Совесть против насилия: Кастеллио против Кальвина - Страница 27
Но нельзя заставить умолкнуть обвиняющий глас убитого (столь же резко, исступленно и Кальвин бросал всему миру свои угрозы), и Кальвинова «Защита» с ее призывом преследования еретиков производит ужаснейшее впечатление. Чувство отвращения охватывает даже самых преданных протестантов, которые видят, что инквизицию требуют теперь уже ex cathedra [74] их собственной реформатской церкви. Кое-кто договаривал, что подобные кровожадные принципы более подходили бы магистрату, нежели проповеднику божьего гласа, служителю Христа; решительно высказывается по этому поводу городской писарь Берна Церхинтес, который впоследствии станет преданным другом и защитником Кастеллио. «Я открыто признаю, — пишет он Кальвину, — что тоже принадлежу к тем, кто стремится уменьшить, насколько это возможно, число смертных приговоров в отношении противников нашей веры и даже в отношении тех, кто заблуждается добровольно. И что меня особенно склоняет к такой точке зрения, так это не только те места Священного писания, в которых говорится о неприменении насилия, но и примеры того, как поступают в этом городе с анабаптистами. Я сам видел, как тащили на эшафот восьмидесятилетнюю женщину вместе с дочерью — матерью шестерых детей, — которая не совершила никакого иного преступления, кроме того, что отказалась крестить их. Под впечатлением этого случая я стал опасаться, что судебные власти не будут держать себя в тесных рамках, в которые ты сам их хочешь заключить, и что мелкие заблуждения будут наказываться так же, как крупные проступки. Потому мне представляется желательным, чтобы власти были повинны скорее в проявлении излишнего милосердия и понимания, нежели в решимости пускать в ход меч… Я же, со своей стороны, лучше отдал бы свою кровь, чем позволил запятнать себя кровью человека, который не заслуживает всенепременно смертной казни».

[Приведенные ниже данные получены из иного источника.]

text \<open>The classical recurrence behind the 1 - 1/e bound: each step closes at least a
  1/(k\<alpha>) fraction of the remaining gap, and (1 - 1/(k\<alpha>))^k \<le> e^(-1/\<alpha>).\<close>
lemma gap_recurrence_bound:
  fixes a :: "nat \<Rightarrow> real"
  assumes step: "\<And>i. i < k \<Longrightarrow> OPT \<le> a i + real k * \<alpha> * (a (Suc i) - a i)"
    and "1 \<le> \<alpha>" "0 < k" "0 \<le> a 0" "0 \<le> OPT"
  shows "(1 - exp (- 1 / \<alpha>)) * OPT \<le> a k"
proof -
  define c where "c = 1 - 1 / (real k * \<alpha>)"
  have "1 \<le> real k" using assms(3) by simp
  then have k\<alpha>: "1 \<le> real k * \<alpha>" using mult_mono[of 1 "real k" 1 \<alpha>] assms(2) by simp
  have c: "0 \<le> c" "c \<le> exp (- 1 / (real k * \<alpha>))"
    unfolding c_def using k\<alpha> exp_ge_add_one_self[of "- 1 / (real k * \<alpha>)"] by (simp_all add: field_simps)
  have gap: "OPT - a i \<le> c ^ i * OPT" if "i \<le> k" for i
    using that
  proof (induction i)
    case (Suc i)
    have "OPT - a i \<le> (a (Suc i) - a i) * (real k * \<alpha>)" using step[of i] Suc.prems by (simp add: algebra_simps)
    then have "(OPT - a i) / (real k * \<alpha>) \<le> a (Suc i) - a i"
      using k\<alpha> by (simp add: divide_le_eq)
    then have "OPT - a (Suc i) \<le> c * (OPT - a i)"
      unfolding c_def by (simp add: algebra_simps)
    also have "\<dots> \<le> c * (c ^ i * OPT)" using Suc c by (intro mult_left_mono) auto
    finally show ?case by simp
  qed (use assms(4) in simp)
  have "c ^ k \<le> exp (- 1 / (real k * \<alpha>)) ^ k" by (rule power_mono[OF c(2,1)])
  also have "\<dots> = exp (- 1 / \<alpha>)" using assms(3) by (simp add: exp_of_nat_mult[symmetric] field_simps)
  finally have "OPT - a k \<le> exp (- 1 / \<alpha>) * OPT"
    using gap[of k] mult_right_mono[OF _ assms(5)] by fastforce
  then show ?thesis by (simp add: algebra_simps)
qed

theorem theorem1:
  fixes E :: "('v::finite \<times> 'v) set" and p :: "'v \<times> 'v \<Rightarrow> real"
    and k d :: nat and pi_g pi_s :: "'v policy"
  assumes "\<forall>e\<in>E. 0 < p e \<and> p e \<le> 1"
    and "k > 0" and "d > 0"
    and "is_greedy E p pi_g"
  shows "F_val E p pi_g k d \<ge> (1 - exp (- 1 / alpha_tree E p pi_g k d)) * F_val E p pi_s k d"
proof (rule gap_recurrence_bound[where a = "\<lambda>i. F_val E p pi_g i d"])
  have p01: "\<forall>e\<in>E. 0 \<le> p e \<and> p e \<le> 1" using assms(1) by auto
  show "F_val E p pi_s k d \<le> F_val E p pi_g i d
          + real k * alpha_tree E p pi_g k d * (F_val E p pi_g (Suc i) d - F_val E p pi_g i d)" if "i < k" for i
    by (rule F_val_le_greedy_step[OF p01 assms(4) that])
  show "1 \<le> alpha_tree E p pi_g k d" by (rule one_le_alpha_tree[OF assms(1,2)])
  show "0 \<le> F_val E p pi_g 0 d" "0 \<le> F_val E p pi_s k d"
    unfolding F_val_eq using subset_weight_nonneg[OF p01] by (auto intro!: sum_nonneg)
qed (rule assms(2))

end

Так в эту эпоху фанатиков говорил мелкий, неизвестный писарь магистрата, и так думали многие, но все держали свое мнение при себе. Даже славный Церхинтес, как и его учитель Эразм Роттердамский, опасался споров на злободневные темы и, стыдясь, честно признавался Кальвину, что высказывает ему свое мнение только в письме, публично же предпочитает молчать. «Я не буду вступать в открытую борьбу до тех пор, пока этого не потребует моя совесть. Предпочитаю хранить молчание, пока позволяет совесть, вместо того чтобы вызывать споры, задевающие кого-либо». Человеколюбивые натуры всегда слишком быстро опускают руки, облегчая тем самым насильникам их задачу; так же, как этот замечательный, но пассивный Церхинтес, поступали и остальные: они молчали и молчали, эти гуманисты, мыслители, ученые, одни из отвращения к шумным склокам, другие из страха быть обвиненными в ереси, если они не станут лицемерно превозносить казнь Сервета как похвальное деяние. И уже казалось, что чудовищный призыв Кальвина к всеобщему преследованию инакомыслящих не встретит сопротивления. Но вдруг раздается голос, прекрасно знакомый и ненавистный Кальвину, открыто обвиняющий от имени оскорбленного чувства человечности в преступлении, совершенном против Мигеля Сервета; это ясный голос Кастеллио, которого еще никогда не пугали угрозы женевского насильника и который не задумываясь рискует своей жизнью ради спасения жизни многих других.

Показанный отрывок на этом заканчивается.